America's First War On Terror: The Barbary Pirate Wars

Burning of the Frigate Philadelphia in the Harbor of Tripoli,
Painting by Edward Moran 1897
"The most bold and daring act of the age."
Horatio Nelson
In the early 1800s, the United States of America fought two small but fierce wars with the Islamic states of Algiers, Tunis, Tripoli and the independent Sultanate of Morocco.  The first war's turning point was the Battle of Derna, where a mercenary force lead by U.S. Marines took the City of Derna in a combined overland and naval attack.

The Battle for Tripoli was adverted by a premature peace treaty.  Derna was returned to the Pasha.

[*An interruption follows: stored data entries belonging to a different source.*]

(* Let $f(x)=\sqrt{1-x^2}$ on $[-1,1]$. For each integer $n\geq 0$ let $p_n^{L_1}$ be the best $L_1$ polynomial approximant of degree $\leq n$ to $f$ and $p_n^{L_\infty}$ the best $L_\infty$ (minimax) polynomial approximant of degree $\leq n$ to $f$, and let \[ \Omega_n=\Big\{x\in[-1,1]:|f(x)-p_n^{L_1}(x)|\geq\tfrac12\|f-p_n^{L_\infty}\|_\infty\Big\}. \] Then $|\Omega_n|=\mathcal{O}(n^{-2}\log n)$ as $n\to\infty$, where $|\cdot|$ denotes Lebesgue measure.
   Context: $p_n^{L_1}$ minimizes $\int_{-1}^1|f(x)-q(x)|\,dx$ and $p_n^{L_\infty}$ minimizes $\max_{x\in[-1,1]}|f(x)-q(x)|$ over real polynomials $q$ of degree $\leq n$; $\|g\|_\infty=\max_{x\in[-1,1]}|g(x)|$. *)

theory Defs
  imports "HOL-Analysis.Analysis" "HOL-Computational_Algebra.Polynomial" "HOL-Library.Landau_Symbols"
begin

definition f_circ :: "real \<Rightarrow> real" where
  "f_circ x = sqrt (1 - x\<^sup>2)"

definition L1_dist :: "(real \<Rightarrow> real) \<Rightarrow> real poly \<Rightarrow> real" where
  "L1_dist f q = integral {-1..1} (\<lambda>x. \<bar>f x - poly q x\<bar>)"

definition sup_dist :: "(real \<Rightarrow> real) \<Rightarrow> real poly \<Rightarrow> real" where
  "sup_dist f q = (SUP x\<in>{-1..1}. \<bar>f x - poly q x\<bar>)"

definition is_best_L1 :: "(real \<Rightarrow> real) \<Rightarrow> nat \<Rightarrow> real poly \<Rightarrow> bool" where
  "is_best_L1 f n p \<longleftrightarrow> degree p \<le> n \<and> (\<forall>q. degree q \<le> n \<longrightarrow> L1_dist f p \<le> L1_dist f q)"

definition is_best_Linf :: "(real \<Rightarrow> real) \<Rightarrow> nat \<Rightarrow> real poly \<Rightarrow> bool" where
  "is_best_Linf f n p \<longleftrightarrow> degree p \<le> n \<and> (\<forall>q. degree q \<le> n \<longrightarrow> sup_dist f p \<le> sup_dist f q)"

end

theory Submission
  imports Defs
begin

text \<open>
  Substituting x = cos t turns f into sin t on [0, pi]. The kernel
  K(t) = cos((4n+2)t) |sum_{j<=n} e^(2ijt)|^2 has only even frequencies, all in [2n+2, 6n+2], so
  it is orthogonal on [0, pi] to p(cos t) for every polynomial p of degree <= n, while its
  integral against sin t is at most -2(n+1)^2/(6n+2)^2. Since |K| is bounded by a Fejer kernel of
  integral pi(n+1), every such p has uniform error at least 2(n+1)/(pi(6n+2)^2), of order 1/n.

  The best L1 error is O(n^-3 log n). Put y = sqrt(1 - x^2) and let H be the odd primitive of the
  squared Fejer kernel u |-> (sin(M arcsin u)/u)^4, a polynomial in u^2. The polynomial
  y H(y)/H(1), of degree 4M+2 in x, has error y (H(1) - H(y))/H(1) = O(1/(M^3 y^2 + M)) because
  H(1) >= M^3/32 and H(1) - H(y) <= 1/(3 y^3); integrating over [-1, 1] gives O(M^-3 log M).
  Markov's inequality bounds the measure of Omega_n by twice the L1 error over the uniform error.
\<close>

section \<open>Trigonometric integrals over [0, pi]\<close>

lemma fundamental_theorem_of_calculus_real:
  fixes F f :: "real \<Rightarrow> real"
  assumes "a \<le> b" and "\<And>x. x \<in> {a..b} \<Longrightarrow> (F has_real_derivative f x) (at x)"
  shows "(f has_integral (F b - F a)) {a..b}"
  using assms(2) by (intro fundamental_theorem_of_calculus[OF assms(1)])
    (simp add: has_real_derivative_iff_has_vector_derivative[symmetric] has_field_derivative_at_within)

lemma has_integral_cos_int_multiple:
  assumes "d \<noteq> 0"
  shows "((\<lambda>t. cos (real_of_int d * t)) has_integral 0) {0..pi}"
proof -
  have "((\<lambda>t. cos (real_of_int d * t)) has_integral
          ((\<lambda>t. sin (real_of_int d * t) / real_of_int d) pi
           - (\<lambda>t. sin (real_of_int d * t) / real_of_int d) 0)) {0..pi}"
    using assms pi_ge_zero
    by (intro fundamental_theorem_of_calculus_real) (auto intro!: derivative_eq_intros)
  moreover have "sin (real_of_int d * pi) = 0"
    by (metis mult.commute sin_npi_int)
  ultimately show ?thesis by simp
qed

lemma has_integral_cos_power_cos_multiple:
  assumes "i < k"
  shows "((\<lambda>t. cos t ^ i * cos (real k * t)) has_integral 0) {0..pi}"
  using assms
proof (induction i arbitrary: k)
  case 0
  then show ?case using has_integral_cos_int_multiple[of "int k"] by simp
next
  case (Suc i)
  have eq: "cos t ^ Suc i * cos (real k * t)
      = (cos t ^ i * cos (real (k - 1) * t) + cos t ^ i * cos (real (k + 1) * t)) / 2" for t
  proof -
    have "real (k - 1) * t = real k * t - t" "real (k + 1) * t = real k * t + t"
      using Suc.prems by (simp_all add: of_nat_diff algebra_simps)
    then have prod: "cos (real k * t) * cos t = (cos (real (k - 1) * t) + cos (real (k + 1) * t)) / 2"
      by (simp add: cos_times_cos)
    have "cos t ^ Suc i * cos (real k * t) = cos t ^ i * (cos (real k * t) * cos t)"
      by (simp add: ac_simps)
    also have "\<dots> = cos t ^ i * ((cos (real (k - 1) * t) + cos (real (k + 1) * t)) / 2)"
      by (simp only: prod)
    finally show ?thesis by (simp add: distrib_left add_divide_distrib)
  qed
  have "((\<lambda>t. (cos t ^ i * cos (real (k - 1) * t) + cos t ^ i * cos (real (k + 1) * t)) / 2)
      has_integral (0 + 0) / 2) {0..pi}"
    using Suc.prems by (intro has_integral_divide has_integral_add Suc.IH) auto
  then show ?case unfolding eq by simp
qed

lemma has_integral_poly_cos_cos_multiple:
  fixes p :: "real poly"
  assumes "degree p < k"
  shows "((\<lambda>t. poly p (cos t) * cos (real k * t)) has_integral 0) {0..pi}"
proof -
  have "((\<lambda>t. \<Sum>i\<le>degree p. coeff p i * (cos t ^ i * cos (real k * t)))
      has_integral (\<Sum>i\<le>degree p. coeff p i * 0)) {0..pi}"
    using assms
    by (intro has_integral_sum has_integral_mult_right has_integral_cos_power_cos_multiple) auto
  then show ?thesis
    by (simp add: poly_altdef sum_distrib_right mult.assoc)
qed

lemma has_integral_sin_cos_even_multiple:
  assumes "even k"
  shows "((\<lambda>t. sin t * cos (real k * t)) has_integral (-2 / ((real k)\<^sup>2 - 1))) {0..pi}"
proof -
  define G where
    "G t = (cos t * cos (real k * t) + real k * sin t * sin (real k * t)) / ((real k)\<^sup>2 - 1)" for t
  have k1: "(real k)\<^sup>2 - 1 \<noteq> 0"
  proof (cases "k = 0")
    case False
    then have "2 \<le> k" using assms by presburger
    then have "(real k)\<^sup>2 \<ge> 2\<^sup>2" by (intro power_mono) auto
    then show ?thesis by simp
  qed simp
  have "(G has_real_derivative sin t * cos (real k * t)) (at t)" for t
  proof -
    have "(G has_real_derivative (-sin t * cos (real k * t) - cos t * (sin (real k * t) * real k)
        + real k * cos t * sin (real k * t) + real k * sin t * (cos (real k * t) * real k))
        / ((real k)\<^sup>2 - 1)) (at t)"
      unfolding G_def using k1 by (auto intro!: derivative_eq_intros)
    moreover have "(-sin t * cos (real k * t) - cos t * (sin (real k * t) * real k)
        + real k * cos t * sin (real k * t) + real k * sin t * (cos (real k * t) * real k))
        / ((real k)\<^sup>2 - 1) = sin t * cos (real k * t)"
      using k1 by (simp add: field_simps power2_eq_square)
    ultimately show ?thesis by simp
  qed
  then have "((\<lambda>t. sin t * cos (real k * t)) has_integral (G pi - G 0)) {0..pi}"
    using pi_ge_zero by (intro fundamental_theorem_of_calculus_real) auto
  moreover have "cos (real k * pi) = 1" using assms by simp
  then have "G pi - G 0 = -2 / ((real k)\<^sup>2 - 1)"
    unfolding G_def using k1 by (simp add: field_simps)
  ultimately show ?thesis by simp
qed

section \<open>The uniform error is at least of order 1/n\<close>

lemma continuous_on_f_circ: "continuous_on S f_circ"
  unfolding f_circ_def by (intro continuous_intros)

lemma f_circ_cos:
  assumes "t \<in> {0..pi}"
  shows "f_circ (cos t) = sin t"
proof -
  have "f_circ (cos t) = \<bar>sin t\<bar>" unfolding f_circ_def by (simp add: sin_squared_eq[symmetric])
  then show ?thesis using sin_ge_zero assms by auto
qed

lemma abs_diff_le_sup_dist_f_circ:
  assumes "x \<in> {-1..1}"
  shows "\<bar>f_circ x - poly p x\<bar> \<le> sup_dist f_circ p"
proof -
  have "continuous_on {-1..1} (\<lambda>x. \<bar>f_circ x - poly p x\<bar>)"
    using continuous_on_f_circ by (intro continuous_intros) auto
  then have "bdd_above ((\<lambda>x. \<bar>f_circ x - poly p x\<bar>) ` {-1..1})"
    by (intro bounded_imp_bdd_above compact_imp_bounded compact_continuous_image) auto
  then show ?thesis unfolding sup_dist_def using assms by (rule cSUP_upper2) auto
qed

definition fejer_kernel :: "nat \<Rightarrow> real \<Rightarrow> real" where
  "fejer_kernel n t = (\<Sum>j\<le>n. cos (real (2*j) * t))\<^sup>2 + (\<Sum>j\<le>n. sin (real (2*j) * t))\<^sup>2"

lemma fejer_kernel_nonneg: "0 \<le> fejer_kernel n t"
  unfolding fejer_kernel_def by simp

lemma fejer_kernel_double_sum:
  "fejer_kernel n t = (\<Sum>j\<le>n. \<Sum>l\<le>n. cos (real (2*j) * t - real (2*l) * t))"
  unfolding fejer_kernel_def by (simp add: power2_eq_square sum_product cos_diff sum.distrib)

lemma continuous_on_fejer_kernel: "continuous_on S (fejer_kernel n)"
  unfolding fejer_kernel_def by (intro continuous_intros)

lemma has_integral_fejer_kernel: "(fejer_kernel n has_integral (pi * (real n + 1))) {0..pi}"
proof -
  have "((\<lambda>t. cos (real_of_int (2 * int j - 2 * int l) * t)) has_integral (if j = l then pi else 0))
      {0..pi}" for j l
  proof (cases "j = l")
    case True
    have "((\<lambda>t. 1) has_integral ((\<lambda>t. t) pi - (\<lambda>t. t) 0)) {0..pi}"
      using pi_ge_zero
      by (intro fundamental_theorem_of_calculus_real) (auto intro!: derivative_eq_intros)
    then show ?thesis using True by simp
  next
    case False
    then show ?thesis using has_integral_cos_int_multiple[of "2 * int j - 2 * int l"] by simp
  qed
  then have "((\<lambda>t. \<Sum>j\<le>n. \<Sum>l\<le>n. cos (real_of_int (2 * int j - 2 * int l) * t)) has_integral
      (\<Sum>j\<le>n. \<Sum>l\<le>n. (if j = l then pi else 0))) {0..pi}"
    by (intro has_integral_sum) auto
  moreover have "fejer_kernel n = (\<lambda>t. \<Sum>j\<le>n. \<Sum>l\<le>n. cos (real_of_int (2 * int j - 2 * int l) * t))"
    unfolding fejer_kernel_double_sum by (rule ext) (simp add: algebra_simps)
  ultimately show ?thesis by (simp add: algebra_simps)
qed

definition annihilating_kernel :: "nat \<Rightarrow> real \<Rightarrow> real" where
  "annihilating_kernel n t = cos (real (4*n+2) * t) * fejer_kernel n t"

lemma continuous_on_annihilating_kernel: "continuous_on S (annihilating_kernel n)"
  unfolding annihilating_kernel_def by (intro continuous_intros continuous_on_fejer_kernel)

lemma annihilating_kernel_expansion:
  "annihilating_kernel n t = (\<Sum>j\<le>n. \<Sum>l\<le>n.
     (cos (real (4*n+2+2*j-2*l) * t) + cos (real (4*n+2+2*l-2*j) * t)) / 2)"
proof -
  have "cos (real (4*n+2) * t) * cos (real (2*j) * t - real (2*l) * t)
      = (cos (real (4*n+2+2*j-2*l) * t) + cos (real (4*n+2+2*l-2*j) * t)) / 2"
    if "j \<le> n" "l \<le> n" for j l
  proof -
    have "real (4*n+2+2*j-2*l) * t = real (4*n+2) * t + (real (2*j) * t - real (2*l) * t)"
      and "real (4*n+2+2*l-2*j) * t = real (4*n+2) * t - (real (2*j) * t - real (2*l) * t)"
      using that by (simp_all add: of_nat_diff algebra_simps)
    then show ?thesis by (simp only: cos_add cos_diff) simp
  qed
  then show ?thesis
    unfolding annihilating_kernel_def fejer_kernel_double_sum sum_distrib_left
    by (intro sum.cong refl) auto
qed

lemma has_integral_poly_cos_annihilating_kernel:
  fixes p :: "real poly"
  assumes "degree p \<le> n"
  shows "((\<lambda>t. poly p (cos t) * annihilating_kernel n t) has_integral 0) {0..pi}"
proof -
  have "((\<lambda>t. \<Sum>j\<le>n. \<Sum>l\<le>n. (poly p (cos t) * cos (real (4*n+2+2*j-2*l) * t)
      + poly p (cos t) * cos (real (4*n+2+2*l-2*j) * t)) / 2)
      has_integral (\<Sum>j\<le>n. \<Sum>l\<le>n. (0 + 0) / 2)) {0..pi}"
    using assms
    by (intro has_integral_sum has_integral_divide has_integral_add
        has_integral_poly_cos_cos_multiple) auto
  then show ?thesis
    unfolding annihilating_kernel_expansion sum_distrib_left by (simp add: distrib_left)
qed

lemma integral_sin_annihilating_kernel_le:
  "integral {0..pi} (\<lambda>t. sin t * annihilating_kernel n t)
     \<le> - (2 * (real n + 1)\<^sup>2 / (real (6*n+2))\<^sup>2)"
proof -
  define sin_cos_int where "sin_cos_int k = -2 / ((real k)\<^sup>2 - 1)" for k :: nat
  have sin_cos_int_le: "sin_cos_int k \<le> -2 / (real (6*n+2))\<^sup>2" if "2 \<le> k" "k \<le> 6*n+2" for k
  proof -
    have "(real k)\<^sup>2 \<le> (real (6*n+2))\<^sup>2"
      using that by (intro power_mono) auto
    then have "(real k)\<^sup>2 - 1 \<le> (real (6*n+2))\<^sup>2" by linarith
    moreover have "(real k)\<^sup>2 \<ge> 2\<^sup>2" using that by (intro power_mono) auto
    ultimately show ?thesis unfolding sin_cos_int_def by (simp add: frac_le divide_le_cancel)
  qed
  have "((\<lambda>t. \<Sum>j\<le>n. \<Sum>l\<le>n. (sin t * cos (real (4*n+2+2*j-2*l) * t)
      + sin t * cos (real (4*n+2+2*l-2*j) * t)) / 2)
      has_integral (\<Sum>j\<le>n. \<Sum>l\<le>n. (sin_cos_int (4*n+2+2*j-2*l) + sin_cos_int (4*n+2+2*l-2*j)) / 2)) {0..pi}"
    unfolding sin_cos_int_def
    by (intro has_integral_sum has_integral_divide has_integral_add
        has_integral_sin_cos_even_multiple) auto
  then have "integral {0..pi} (\<lambda>t. sin t * annihilating_kernel n t)
      = (\<Sum>j\<le>n. \<Sum>l\<le>n. (sin_cos_int (4*n+2+2*j-2*l) + sin_cos_int (4*n+2+2*l-2*j)) / 2)"
    unfolding annihilating_kernel_expansion sum_distrib_left
    by (intro integral_unique) (simp add: distrib_left)
  also have "\<dots> \<le> (\<Sum>j\<le>n. \<Sum>l\<le>n. (-2 / (real (6*n+2))\<^sup>2 + -2 / (real (6*n+2))\<^sup>2) / 2)"
    by (intro sum_mono divide_right_mono add_mono sin_cos_int_le) auto
  also have "\<dots> = (real n + 1) * ((real n + 1) * (-2 / (real (6*n+2))\<^sup>2))"
    by (simp add: algebra_simps)
  also have "\<dots> = - (2 * (real n + 1)\<^sup>2 / (real (6*n+2))\<^sup>2)"
    by (simp add: power2_eq_square algebra_simps)
  finally show ?thesis .
qed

Tripoli Momument, U.S. Navel Academy 
A Tripolitan observer of the time was quoted as saying: “The English, French, and Spanish Consuls have told us that they [the Americans] were a young nation, and got their independence by means of France; that they had a small navy and their officers were inexperi­enced, and they were merely a nation of merchants, and that by taking their ships and men, we should get great ransoms. Instead of this, their Preble pays us a coin of shot, shells, and hard blows; and sent a Decatur, in a dark night with a band of Christian dogs fierce and cruel as the tiger, who killed our brothers and burnt our ships before our eyes.”
Unfortunately the hostage and privateering practices of the Barbary States did not end there.  They soon started up again and the Barbary States took advantage of the War of 1812 and the United States' preoccupation with Great Britain.  It was only after the war concluded that Stephen Decatur led another force to the Mediterranean which after two Barbary ships being seized resulted in negotiations which ended the hostage taking practices of these states.